The systematic discovery of effective drug combinations is a challenging problem in modern pharmacology, driven by the combinatorial growth of potential pairings and dosage configurations. Network medicine, modeling diseases and drugs as interconnected modules of the human protein-protein interactome, has emerged as a new paradigm for understanding disease mechanisms and drug action. In this work, we propose a quantum annealing-based algorithm for identifying effective drug combinations. Underlying our approach is the biologically motivated principle of `Complementary Exposure', which posits that therapeutic drug combinations target distinct yet complementary regions of a disease module. We translate this into a quadratic unconstrained binary optimisation problem. We test our method for Diabetes Mellitus, Rheumatoid Arthritis, Asthma, and Brain Neoplasms, relying on experimentally validated drug combinations for these diseases. Our simulated quantum annealing experiments reveal that low-energy configurations align with biologically plausible combinations, demonstrating the algorithm's ability to generate novel predictions for drug combinations.
Paper Structure (9 sections, 13 equations, 5 figures, 1 table)

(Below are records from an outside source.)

(* Let $\mathcal{A}\subseteq\mathcal{B}$ be sub-$\sigma$-algebras of a complete probability space $(\Omega,\mathcal{F},P)$, where $\mathcal{B}$ is generated by a countable family of events (together with the $P$-null events). Let $L$ be a linear subspace of $L_\infty(\mathcal{B})$. Let $M:L^+_\infty(\mathcal{B})\to L^+_\infty(\mathcal{A})$ be a regular sublinear operator and $m:L^+_\infty(\mathcal{B})\to L^+_\infty(\mathcal{A})$ a superlinear operator. Let $x:L\to L_\infty(\mathcal{A})$ be a linear operator satisfying \[m(Z)+x(X)\le M(Y)\qquad \text{for all }X\in L,\ Y,Z\in L^+_\infty(\mathcal{B}) \text{ with } Z+X\le Y.\] Then $x$ admits a monotone linear extension $x:L_\infty(\mathcal{B})\to L_\infty(\mathcal{A})$ which is continuous from above and satisfies \[m(Z)+x(X)\le M(Y)\qquad \text{for all }X\in L_\infty(\mathcal{B}),\ Y,Z\in L^+_\infty(\mathcal{B}) \text{ with } Z+X\le Y,\] equivalently $m(X)\le x(X)\le M(X)$ for all $X\in L^+_\infty(\mathcal{B})$.
   Context: All (in)equalities between random variables hold $P$-a.s. Sublinear: $M(X+Y)\le M(X)+M(Y)$, $M(\lambda X)=\lambda M(X)$ for real $\lambda\ge0$. Superlinear: $m(X+Y)\ge m(X)+m(Y)$, $m(\lambda X)=\lambda m(X)$ for real $\lambda\ge0$. Regular: for every nonincreasing sequence $X_n\downarrow0$ $P$-a.s., $M(X_n)\to0$ $P$-a.s. Monotone: $X\ge X'\Rightarrow x(X)\ge x(X')$. Continuous from above: for every nonincreasing sequence $X_n$ with $P$-a.s. limit $X$, $x(X_n)\downarrow x(X)$ $P$-a.s. *)

theory Defs
  imports "HOL-Probability.Probability"
begin

text \<open>Elements of L_infinity(B) are represented by B-measurable, P-essentially bounded
  real functions; all (in)equalities are understood P-a.s.  Operators on L_infinity are
  represented as maps on functions that respect P-a.s. equality on their domain.\<close>

definition Linf :: "'a measure \<Rightarrow> 'a measure \<Rightarrow> ('a \<Rightarrow> real) set" where
  "Linf P B = {X. X \<in> borel_measurable B \<and> (\<exists>c. AE \<omega> in P. \<bar>X \<omega>\<bar> \<le> c)}"

definition Linf_pos :: "'a measure \<Rightarrow> 'a measure \<Rightarrow> ('a \<Rightarrow> real) set" where
  "Linf_pos P B = {X \<in> Linf P B. AE \<omega> in P. 0 \<le> X \<omega>}"
(* Let $\mathfrak{k}$ be a field, $n\ge 2$, and ${\mathcal A}=(x_{i_1\ldots i_n})_{1\le i_j\le r_j}$ a box-shaped matrix of distinct indeterminates with polynomial ring $\mathfrak{k}[{\mathcal A}]$. Let $F\in\mathfrak{k}[{\mathcal A}]$. If for some entry $x_{i_1\ldots i_n}$ of ${\mathcal A}$ there is a positive integer $\lambda$ with $x_{i_1\ldots i_n}^\lambda F\in I_2({\mathcal A})$, then for every entry $x_{j_1\ldots j_n}$ of ${\mathcal A}$ there is a non-negative integer $\nu$ with $x_{j_1\ldots j_n}^\nu F\in I_2({\mathcal A})$.
   Context: $\mathfrak{k}$ is algebraically closed of characteristic $0$. The $2\times2$ minors of a box-shaped matrix $(a_{i_1\ldots i_n})$ are $a_{i_1\ldots i_l\ldots i_n}a_{j_1\ldots j_l\ldots j_n}-a_{i_1\ldots i_{l-1}j_li_{l+1}\ldots i_n}a_{j_1\ldots j_{l-1}i_lj_{l+1}\ldots j_n}$ for any coordinate $l$ and any two index points; $I_2({\mathcal A})$ is the ideal they generate. *)

theory Defs
  imports "HOL-Library.Poly_Mapping"
begin

text \<open>Polynomials in indeterminates indexed by index tuples (lists of naturals),
  with coefficients in a field: monomials are finitely supported exponent maps.\<close>

type_synonym 'k mpoly = "(nat list \<Rightarrow>\<^sub>0 nat) \<Rightarrow>\<^sub>0 'k"

definition Var :: "nat list \<Rightarrow> 'k::comm_ring_1 mpoly" where
  "Var i = Poly_Mapping.single (Poly_Mapping.single i 1) 1"

definition box :: "nat list \<Rightarrow> nat list set" where
  "box r = {i. length i = length r \<and> (\<forall>j<length r. 1 \<le> i ! j \<and> i ! j \<le> r ! j)}"

definition poly_ring :: "nat list \<Rightarrow> 'k::comm_ring_1 mpoly set" where
  "poly_ring r = {F :: 'k mpoly. \<forall>m \<in> Poly_Mapping.keys F. Poly_Mapping.keys m \<subseteq> box r}"

definition ideal_gen :: "nat list \<Rightarrow> 'k::comm_ring_1 mpoly set \<Rightarrow> 'k mpoly set" where
  "ideal_gen r G = {(\<Sum>g\<in>t. c g * g) | t c. finite t \<and> t \<subseteq> G \<and> (\<forall>g\<in>t. c g \<in> poly_ring r)}"

definition minors2 :: "nat list \<Rightarrow> 'k::comm_ring_1 mpoly set" where
  "minors2 r = {Var i * Var j - Var (i[l := j ! l]) * Var (j[l := i ! l]) | i j l.
                 i \<in> box r \<and> j \<in> box r \<and> l < length r}"

definition I2 :: "nat list \<Rightarrow> 'k::comm_ring_1 mpoly set" where
  "I2 r = ideal_gen r (minors2 r)"

end

theory Submission
  imports Defs "HOL-Library.Function_Algebras"
begin

text \<open>Grade monomials by their Segre multidegree: for every coordinate l and value c, count
  the factors of the monomial whose l-th index is c. A 2x2 minor is a difference of two
  quadratic monomials of the same multidegree, so on I2 the sum of the coefficients belonging
  to any fixed multidegree vanishes. Conversely, two monomials of equal multidegree are
  congruent modulo I2: exchanging single indices between two factors, one coordinate after the
  other, makes a factor of the first monomial appear in the second, and induction on the degree
  finishes. Hence I2 consists exactly of the polynomials all of whose graded coefficient sums
  vanish. Multiplying by a monomial only shifts the grading, so already F lies in I2 and
  nu = 0 works for every entry.\<close>

abbreviation monom :: "(nat list \<Rightarrow>\<^sub>0 nat) \<Rightarrow> 'k::comm_ring_1 mpoly" where
  "monom m \<equiv> Poly_Mapping.single m 1"

abbreviation var_exp :: "nat list \<Rightarrow> (nat list \<Rightarrow>\<^sub>0 nat)" where
  "var_exp i \<equiv> Poly_Mapping.single i 1"

lemma poly_ring_single:
  "Poly_Mapping.keys m \<subseteq> box r \<Longrightarrow> Poly_Mapping.single m c \<in> poly_ring r"
  unfolding poly_ring_def by simp

lemma poly_ring_one: "1 \<in> poly_ring r"
  unfolding poly_ring_def by simp

lemma poly_ring_uminus: "p \<in> poly_ring r \<Longrightarrow> - p \<in> poly_ring r"
  unfolding poly_ring_def by simp

lemma poly_ring_add: "p \<in> poly_ring r \<Longrightarrow> q \<in> poly_ring r \<Longrightarrow> p + q \<in> poly_ring r"
  unfolding poly_ring_def using keys_add[of p q] by blast

lemma poly_ring_mult:
  assumes "p \<in> poly_ring r" and "q \<in> poly_ring r"
  shows "p * q \<in> poly_ring r"
  unfolding poly_ring_def
proof (intro CollectI ballI)
  fix m assume "m \<in> Poly_Mapping.keys (p * q)"
  then obtain a b where "m = a + b" "a \<in> Poly_Mapping.keys p" "b \<in> Poly_Mapping.keys q"
    using keys_mult[of p q] by blast
  then show "Poly_Mapping.keys m \<subseteq> box r"
    using assms keys_add[of a b] unfolding poly_ring_def by blast
qed

lemma ideal_genI:
  "finite t \<Longrightarrow> t \<subseteq> G \<Longrightarrow> (\<And>g. g \<in> t \<Longrightarrow> c g \<in> poly_ring r) \<Longrightarrow>
    (\<Sum>g\<in>t. c g * g) \<in> ideal_gen r G"
  unfolding ideal_gen_def by blast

This paper contains 9 sections, 13 equations, 5 figures, 1 table.

Figures (5)

  • Figure 1: Schematic of the 'Complementary Exposure' principle. Two drugs, A (yellow) and B (blue), represented by their protein targets, exhibit shared nodes with the disease module (red) in the human protein-protein interactome graph. Both drug node sets target distinct, non-overlapping regions of the disease module (red). This leads to effective perturbation of the disease-associated network neighborhood as quantified by the network proximity measures $s_{AB}\geq0$ and $z_A,z_B<0$.
  • Figure 2: Average Precision (AP) Landscape. Each subplot displays the AP values over a grid of hyperparameters $(\gamma, \beta)$ for the different diseases: (a) Diabetes Mellitus, (b) Rheumatoid Arthritis, (c) Asthma, and (d) Brain Neoplasms. The red dot in each plot indicates the optimal hyperparameter pair $(\gamma^*, \beta^*)$ that maximizes the AP metric, reflecting the best prioritization of validated drug combinations among low-energy configurations.
  • Figure 3: Energy spectrum at the optimal hyperparameters Each subplot displays the top 15 lowest-energy configurations of the QUBO constructed from the initial candidate drug set at the disease-specific optimal hyperparameters $(\gamma^*, \beta^*)$. Solutions are ordered by increasing QUBO energy (lowest at the bottom) and are colour-coded to indicate whether the configuration matches a validated combination in the reference set $\mathcal{C}$ or not. The diseases represented are: (a) Diabetes Mellitus, (b) Rheumatoid Arthritis, (c) Asthma, and (d) Brain Neoplasms.
  • Figure 4: Precision-Recall Curve at the optimal hyperparameters. Each subplot displays the Precision-Recall curve obtained by sweeping the ranked solutions of the QUBO constructed from the initial candidate drug set at the disease-specific optimal hyperparameters $(\gamma^*, \beta^*)$. The area under each curve corresponds to the Average Precision (AP) and quantifies the prioritization of validated drug combinations among the low-energy configurations. The diseases represented are: (a) Diabetes Mellitus, (b) Rheumatoid Arthritis, (c) Asthma, and (d) Brain Neoplasms.
  • Figure 5: Sampled Simulated Quantum Annealing. Each subplot displays the empirical frequency distribution from $1024$ runs over the $10$ lowest QUBO energies obtained by running the SQA sampler on the enlarged candidate drug set $\mathcal{D}$ at the disease-specific optimal hyperparameters $(\gamma^*, \beta^*)$. Green markers indicate combinations found in $\mathcal{C}$ while the remaining configurations are taken as predicted candidate synergistic combinations. The diseases represented are: (a) Diabetes Mellitus, (b) Rheumatoid Arthritis, (c) Asthma, and (d) Brain Neoplasms.